Introduction
Consumption is a sustaining part of the human condition; like a living organism ingesting, digesting and excreting. Raw materials of social life are provided by the core activities of this organism: production, distribution and disposal (Dalgliesh, 2014). Consumption, known as an ideological act, conditions the social life through spaces as other mediators. The social and spatial networks of consumption let the development of contemporary cities, which commonly engage with favorable images and dreams of people. In that sense, the city of Tehran, as an eastern globe city, strikingly experiences the act of consumption and its consequential reflections onto the spatial organizations and social practices.

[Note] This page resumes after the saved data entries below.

lemma has_integral_jacobi_estimator:
  assumes Ck: "Ck_on n I x" and seg: "closed_segment t0 (t0 + h) \<subseteq> I" and h: "h \<noteq> 0"
    and \<kappa>: "\<kappa> > -1" and \<mu>: "\<mu> > -1"
  shows "((\<lambda>\<tau>. \<tau> powr (\<kappa> + real n) * (1 - \<tau>) powr (\<mu> + real n) * (deriv ^^ n) x (t0 + h * \<tau>))
           has_integral Beta (\<kappa> + real n + 1) (\<mu> + real n + 1) * jacobi_estimator n \<mu> \<kappa> h x t0) {0..1}"
proof -
  define B where "B = Beta (\<kappa> + real n + 1) (\<mu> + real n + 1)"
  define g where "g = beta_kernel_deriv (\<kappa> + real n) (\<mu> + real n)"
  define f where "f k \<tau> = h ^ k * (deriv ^^ k) x (t0 + h * \<tau>)" for k \<tau>
  have in_I: "t0 + h * \<tau> \<in> I" if "\<tau> \<in> {0..1}" for \<tau>
    using seg add_mult_in_closed_segment[OF that] by blast
  have df: "(f k has_real_derivative f (Suc k) \<tau>) (at \<tau>)" if "k < n" "\<tau> \<in> {0..1}" for k \<tau>
  proof -
    have "((deriv ^^ k) x has_real_derivative (deriv ^^ Suc k) x (t0 + h * \<tau>)) (at (t0 + h * \<tau>))"
      using Ck that in_I unfolding Ck_on_def by blast
    then have "((\<lambda>\<tau>. (deriv ^^ k) x (t0 + h * \<tau>)) has_real_derivative
                 (deriv ^^ Suc k) x (t0 + h * \<tau>) * h) (at \<tau>)"
      by (rule DERIV_chain2) (auto intro!: derivative_eq_intros)
    from DERIV_cmult[OF this, of "h ^ k"] show ?thesis
      unfolding f_def by (simp add: algebra_simps)
  qed
  have cD: "continuous_on {0..1} (\<lambda>\<tau>. (deriv ^^ k) x (t0 + h * \<tau>))" if "k \<le> n" for k
    using in_I
    by (intro continuous_on_compose2[OF Ck_on_continuous_on_deriv[OF Ck that]] continuous_intros) auto
  have cf: "continuous_on {0..1} (f k)" if "k \<le> n" for k
    unfolding f_def using cD[OF that] by (intro continuous_intros)
  define W where "W = integral {0..1} (\<lambda>\<tau>. \<tau> powr (\<kappa> + real n) * (1 - \<tau>) powr (\<mu> + real n)
                                              * (deriv ^^ n) x (t0 + h * \<tau>))"
  have W: "((\<lambda>\<tau>. \<tau> powr (\<kappa> + real n) * (1 - \<tau>) powr (\<mu> + real n) * (deriv ^^ n) x (t0 + h * \<tau>))
             has_integral W) {0..1}"
    unfolding W_def using \<kappa> \<mu> cD[OF order.refl]
    by (intro integrable_integral integrable_beta_weight_mult) auto
  have "((\<lambda>\<tau>. g 0 \<tau> * f n \<tau>) has_integral h ^ n * W) {0..1}"
    using has_integral_mult_right[OF W, of "h ^ n"]
    by (simp add: g_def f_def beta_kernel_deriv_0 mult_ac)
  then have "((\<lambda>\<tau>. g n \<tau> * f (n - n) \<tau>) has_integral (-1) ^ n * (h ^ n * W)) {0..1}"
  proof (rule has_integral_repeated_parts[where g = g and f = f, rotated -2, OF _ order.refl])
    fix j assume j: "j < n"
    with \<kappa> \<mu> have "real j < \<kappa> + real n" "real j < \<mu> + real n" by auto
    then show "continuous_on {0..1} (g j)" "g j 0 = 0" "g j 1 = 0"
      unfolding g_def by (auto intro: continuous_on_beta_kernel_deriv beta_kernel_deriv_endpoints)
  qed (auto simp: g_def intro: df cf has_real_derivative_beta_kernel_deriv)
  from has_integral_mult_right[OF this, of "(-1) ^ n / fact n"]
  have "((\<lambda>\<tau>. (-1) ^ n / fact n * (g n \<tau> * f (n - n) \<tau>)) has_integral
          (-1) ^ n / fact n * ((-1) ^ n * (h ^ n * W))) {0..1}" .
  also have "(-1) ^ n / fact n * ((-1) ^ n * (h ^ n * W)) = h ^ n * W / (fact n :: real)"
    by (simp flip: power_add add: power_even_eq[symmetric] mult_2[symmetric])
  finally have "((\<lambda>\<tau>. jacobi_weight \<mu> \<kappa> \<tau> * jacobi_poly n \<mu> \<kappa> \<tau> * x (t0 + h * \<tau>))
               has_integral h ^ n * W / fact n) {0..1}"
  proof (rule has_integral_spike_finite[of "{0, 1}", rotated 2])
    fix \<tau> :: real assume "\<tau> \<in> {0..1} - {0, 1}"
    then show "jacobi_weight \<mu> \<kappa> \<tau> * jacobi_poly n \<mu> \<kappa> \<tau> * x (t0 + h * \<tau>)
             = (-1) ^ n / fact n * (g n \<tau> * f (n - n) \<tau>)"
      by (simp add: g_def f_def beta_kernel_deriv_eq_jacobi power_mult_distrib[symmetric])
  qed simp
  then have "jacobi_estimator n \<mu> \<kappa> h x t0 = W / B"
    unfolding jacobi_estimator_def B_def[symmetric] using h by (simp add: integral_unique)
  moreover have "B > 0"
    unfolding B_def using \<kappa> \<mu> by (simp add: Beta_pos_real)
  ultimately show ?thesis
    using W by (simp add: B_def)
qed

lemma has_integral_jacobi_bias_error:
  assumes "Ck_on n I x" "closed_segment t0 (t0 + h) \<subseteq> I" "h \<noteq> 0" "\<kappa> > -1" "\<mu> > -1"
  shows "((\<lambda>\<tau>. \<tau> powr (\<kappa> + real n) * (1 - \<tau>) powr (\<mu> + real n)
             * ((deriv ^^ n) x (t0 + h * \<tau>) - (deriv ^^ n) x t0))
           has_integral Beta (\<kappa> + real n + 1) (\<mu> + real n + 1) * jacobi_bias_error n \<mu> \<kappa> h x t0) {0..1}"
proof -
  have "((\<lambda>\<tau>. \<tau> powr (\<kappa> + real n + 1 - 1) * (1 - \<tau>) powr (\<mu> + real n + 1 - 1))
          has_integral Beta (\<kappa> + real n + 1) (\<mu> + real n + 1)) {0..1}"
    using assms(4,5) by (intro has_integral_Beta_real) auto
  from has_integral_diff[OF has_integral_jacobi_estimator[OF assms]
         has_integral_mult_left[OF this, of "(deriv ^^ n) x t0"]]
  show ?thesis
    by (simp add: jacobi_bias_error_def algebra_simps)
qed

lemma jacobi_bias_error_div_jacobi_C_bounds:
  fixes x :: "real \<Rightarrow> real"
  assumes Ck: "Ck_on (Suc n) I x" and seg: "closed_segment t0 (t0 + h) \<subseteq> I" and h: "h \<noteq> 0"
    and \<kappa>: "\<kappa> > -1" and \<mu>: "\<mu> > -1"
  defines "m \<equiv> INF \<theta>\<in>open_segment t0 (t0 + h). (deriv ^^ Suc n) x \<theta>"
    and "M \<equiv> SUP \<theta>\<in>open_segment t0 (t0 + h). (deriv ^^ Suc n) x \<theta>"
  shows "m \<le> jacobi_bias_error n \<mu> \<kappa> h x t0 / jacobi_C n \<mu> \<kappa> h
       \<and> jacobi_bias_error n \<mu> \<kappa> h x t0 / jacobi_C n \<mu> \<kappa> h \<le> M"
proof -
  let ?D = "\<lambda>k. (deriv ^^ k) x" and ?W = "open_segment t0 (t0 + h)"
  define B where "B = Beta (\<kappa> + real n + 1) (\<mu> + real n + 1)"
  define c where "c = (\<kappa> + real n + 1) / (\<kappa> + \<mu> + 2 * real n + 2)"
  define w where "w \<tau> = \<tau> powr (\<kappa> + real n) * (1 - \<tau>) powr (\<mu> + real n)" for \<tau>
  define q where "q \<tau> = (?D n (t0 + h * \<tau>) - ?D n t0) / (h * \<tau>)" for \<tau>
  have "continuous_on (closed_segment t0 (t0 + h)) (?D (Suc n))"
    using continuous_on_subset[OF Ck_on_continuous_on_deriv[OF Ck order.refl] seg] .
  then have "bounded (?D (Suc n) ` closed_segment t0 (t0 + h))"
    by (intro compact_imp_bounded compact_continuous_image compact_segment)
  then have W_bounded: "bounded (?D (Suc n) ` ?W)"
    by (rule bounded_subset) (intro image_mono segment_open_subset_closed)
  have q_bounds: "m \<le> q \<tau> \<and> q \<tau> \<le> M" if "\<tau> \<in> {0..1}" "\<tau> * w \<tau> \<noteq> 0" for \<tau>
  proof -
    have end_in: "t0 + h * \<tau> \<in> closed_segment t0 (t0 + h)"
      using add_mult_in_closed_segment[OF that(1)] .
    then have "closed_segment t0 (t0 + h * \<tau>) \<subseteq> I"
      using seg by (meson ends_in_segment(1) order_trans subset_closed_segment)
    then have "(?D n has_real_derivative ?D (Suc n) y) (at y)"
      if "y \<in> closed_segment t0 (t0 + h * \<tau>)" for y
      using Ck that unfolding Ck_on_def by blast
    moreover have "m \<le> ?D (Suc n) z \<and> ?D (Suc n) z \<le> M" if "z \<in> open_segment t0 (t0 + h * \<tau>)" for z
    proof -
      from that end_in have "z \<in> ?W"
        using subset_open_segment by blast
      then show ?thesis
        unfolding m_def M_def
        using cINF_lower[OF bounded_imp_bdd_below[OF W_bounded]]
          cSUP_upper[OF _ bounded_imp_bdd_above[OF W_bounded]] by blast
    qed
    moreover have "h * \<tau> \<noteq> 0"
      using h that(2) by auto
    ultimately show ?thesis
      using difference_quotient_bounds[of t0 "t0 + h * \<tau>" "?D n" "?D (Suc n)" m M]
      unfolding q_def by simp
  qed
  have "((\<lambda>\<tau>. \<tau> * w \<tau>) has_integral c * B) {0..1}"
    using has_integral_Beta_moment[of "\<kappa> + real n + 1" "\<mu> + real n + 1"] \<kappa> \<mu>
    by (simp add: w_def B_def c_def algebra_simps)
  moreover have "((\<lambda>\<tau>. \<tau> * w \<tau> * q \<tau>) has_integral B * jacobi_bias_error n \<mu> \<kappa> h x t0 / h) {0..1}"
  proof -
    \<comment> \<open>at \<open>\<tau> = 0\<close> both sides vanish, \<open>q 0\<close> being a division by zero\<close>
    have "w \<tau> * (?D n (t0 + h * \<tau>) - ?D n t0) / h = \<tau> * w \<tau> * q \<tau>" for \<tau>
      using h by (cases "\<tau> = 0") (simp_all add: q_def)
    then show ?thesis
      using has_integral_divide[OF has_integral_jacobi_bias_error[OF Ck_on_Suc_imp_Ck_on[OF Ck] seg h \<kappa> \<mu>], of h]
      unfolding w_def B_def by simp
  qed
  moreover have "B > 0" "c > 0"
    unfolding B_def c_def using \<kappa> \<mu> by (simp_all add: Beta_pos_real)
  moreover have "\<tau> * w \<tau> \<ge> 0" if "\<tau> \<in> {0..1}" for \<tau>
    using that by (simp add: w_def)
  ultimately have "m \<le> (B * jacobi_bias_error n \<mu> \<kappa> h x t0 / h) / (c * B)
                 \<and> (B * jacobi_bias_error n \<mu> \<kappa> h x t0 / h) / (c * B) \<le> M"
    using q_bounds by (intro has_integral_weighted_mean_bounds) auto
  moreover have "(B * jacobi_bias_error n \<mu> \<kappa> h x t0 / h) / (c * B)
               = jacobi_bias_error n \<mu> \<kappa> h x t0 / jacobi_C n \<mu> \<kappa> h"
    using \<open>B > 0\<close> by (simp add: jacobi_C_def c_def)
  ultimately show ?thesis by simp
qed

Since the beginning of the 1920s, Tehran has been under the impacts of Modern capitalism and increasing consumption, which have been infused into everyday practices of its citizens. Many people are motivated to become consumers in fantasy as well as in reality; spatial productions and social practice have moved towards production of spaces that serve consumption as the dominant act of the contemporary society.
Tehran, with its nearly 500 years of history, was originally formed according to the spatial organization of Grand Bazaar. Transformation of Tehran, to its contemporary form, has started by the time of modernization of the country in the first Pahlavi period. ‘First Pahlavi’ (1920s- 1940s) Tehran was a city with monuments and public buildings representing the nation state and demonstrating power. Thus dynamism of the nation was political in that time. Growing desire towards modern lifestyle in Tehran has led to transformations in the urban image and types of social activities; and these changes have been results of Iran entering a capitalist phase. Thus, dynamism of the society has changed by the domination of the act of consumption since the mid-twentieth century. The 21st century Tehran is dominated by buildings such as shopping malls, entertainment centers and public parks, which evidently show that the dynamism of the nation has changed to commercial. By the expansion of the city, Tehran has turned into a network of programmed leisure.
The process of modernization, development and population of the city has caused a dramatic transformation of Tehran during the recent 100 years. As Amirhamadi and Kianfar (1993) explained, as a third world city, Tehran’s dramatic transformation was characterized with two parallel tendencies:
A rapid complex socio-cultural and economic development;
An extensive and cumulative uneven distribution of profit among social classes and neighborhoods.
Thus, the rapid development and outgrowing contradictions in Tehran reflect the city’s transformation process in which a pre-capitalist setting during a period between 18th and early 20th centuries became a transitional capitalist city between 1920s and 1950s; and changed into a capitalist city during the 1950s (Figures 1&2).